EFB Dengue Literature Review

Memory B Cell

16 min read

Memory B Cell

Overview

Memory B cells are long-lived antigen-experienced B cells that mediate accelerated, higher-affinity secondary immune responses upon antigen re-encounter. Their hallmarks are either genetic (somatic hypermutation of rearranged immunoglobulin genes) or functional (fast recall responses of higher affinity than primary responses). Surface phenotypic markers — most prominently CD27 — have been used to identify them by flow cytometry, but the discovery of CD27-negative memory B cells (DN B cells) has complicated this picture.

Human memory B cells are heterogeneous. Classical subsets include isotype-switched CD27⁺ cells (IgG or IgA surface expression, GC-derived), unswitched CD27⁺ cells (IgM⁺IgD⁺ or IgM-only, partly marginal zone-related), and the more recently defined IgD⁻CD27⁻ double-negative memory B cells with proposed extrafollicular origin.

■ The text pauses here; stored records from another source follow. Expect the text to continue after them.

(* Let $n\ge2$, $k\ge1$. Let $\overline C^{\circ}=\{f\in M:\langle f-r^{2k},g-r^{2k}\rangle\le1\ \forall g\in\overline C\}$ be the polar of $\overline C$ in $M$ with respect to the origin $r^{2k}$. Then $\overline C^{\circ}=-\overline C^{*}+2r^{2k}$.
   Context: $P_{n,2k}$: real forms of degree $2k$ in $n$ variables; $r^{2k}=(x_1^2+\dots+x_n^2)^k$; $\langle f,g\rangle=\int_{S^{n-1}}fg\,d\sigma$ with $\sigma$ the rotation-invariant probability measure on $S^{n-1}$. $M=\{f\in P_{n,2k}:\int f\,d\sigma=1\}$, $C$ the cone of nonnegative forms, $\overline C=C\cap M$, $C^*=\{f:\langle f,g\rangle\ge0\ \forall g\in C\}$, $\overline C^*=C^*\cap M$. *)

theory Defs
  imports "HOL-Analysis.Analysis"
begin

definition monomials :: "nat \<Rightarrow> ('n::finite \<Rightarrow> nat) set" where
  "monomials d = {\<alpha>. (\<Sum>i\<in>UNIV. \<alpha> i) = d}"

text \<open>P_{n,d}: real forms (homogeneous polynomials) of degree d in n = CARD('n) variables,
  represented by their polynomial functions on R^n.\<close>
definition forms :: "nat \<Rightarrow> (real^'n::finite \<Rightarrow> real) set" where
  "forms d = {f. \<exists>c :: ('n \<Rightarrow> nat) \<Rightarrow> real.
      \<forall>x. f x = (\<Sum>\<alpha>\<in>monomials d. c \<alpha> * (\<Prod>i\<in>UNIV. (x $ i) ^ (\<alpha> i)))}"

definition rpow :: "nat \<Rightarrow> real^'n::finite \<Rightarrow> real" where
  "rpow k x = (\<Sum>i\<in>UNIV. (x $ i)^2) ^ k"

text \<open>The rotation-invariant probability measure on the unit sphere S^{n-1}, obtained as
  the push-forward of the normalized Lebesgue measure on the unit ball under radial projection.\<close>
definition sphere_measure :: "(real^'n::finite) measure" where
  "sphere_measure = distr (uniform_measure lborel (ball 0 1)) borel (\<lambda>x. x /\<^sub>R norm x)"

Key Points from Literature

  • CD27 was historically considered a universal memory B cell marker; CD27⁺ cells consistently carry significant somatic hypermutation (see Wei2007 - DN Memory B Cells in SLE, citing Klein et al. 1998).

  • Two diversification pathways: Isotype-switched CD27⁺ memory cells are thought to originate primarily from GC reactions; IgM/IgD CD27⁺ cells may develop through GC-independent, CD40-independent pathways (cited as Weller et al. 2001 in Wei2007 - DN Memory B Cells in SLE).

  • DN (IgD⁻CD27⁻) memory B cells represent a third subset, present at ~5% of PBL B cells in healthy subjects and expanded in SLE. They carry somatic hypermutation, fail to extrude R123, and respond to CpG without BCR crosslinking — all functional memory hallmarks (see Wei2007 - DN Memory B Cells in SLE, n=29 healthy + n=36 SLE cross-sectional).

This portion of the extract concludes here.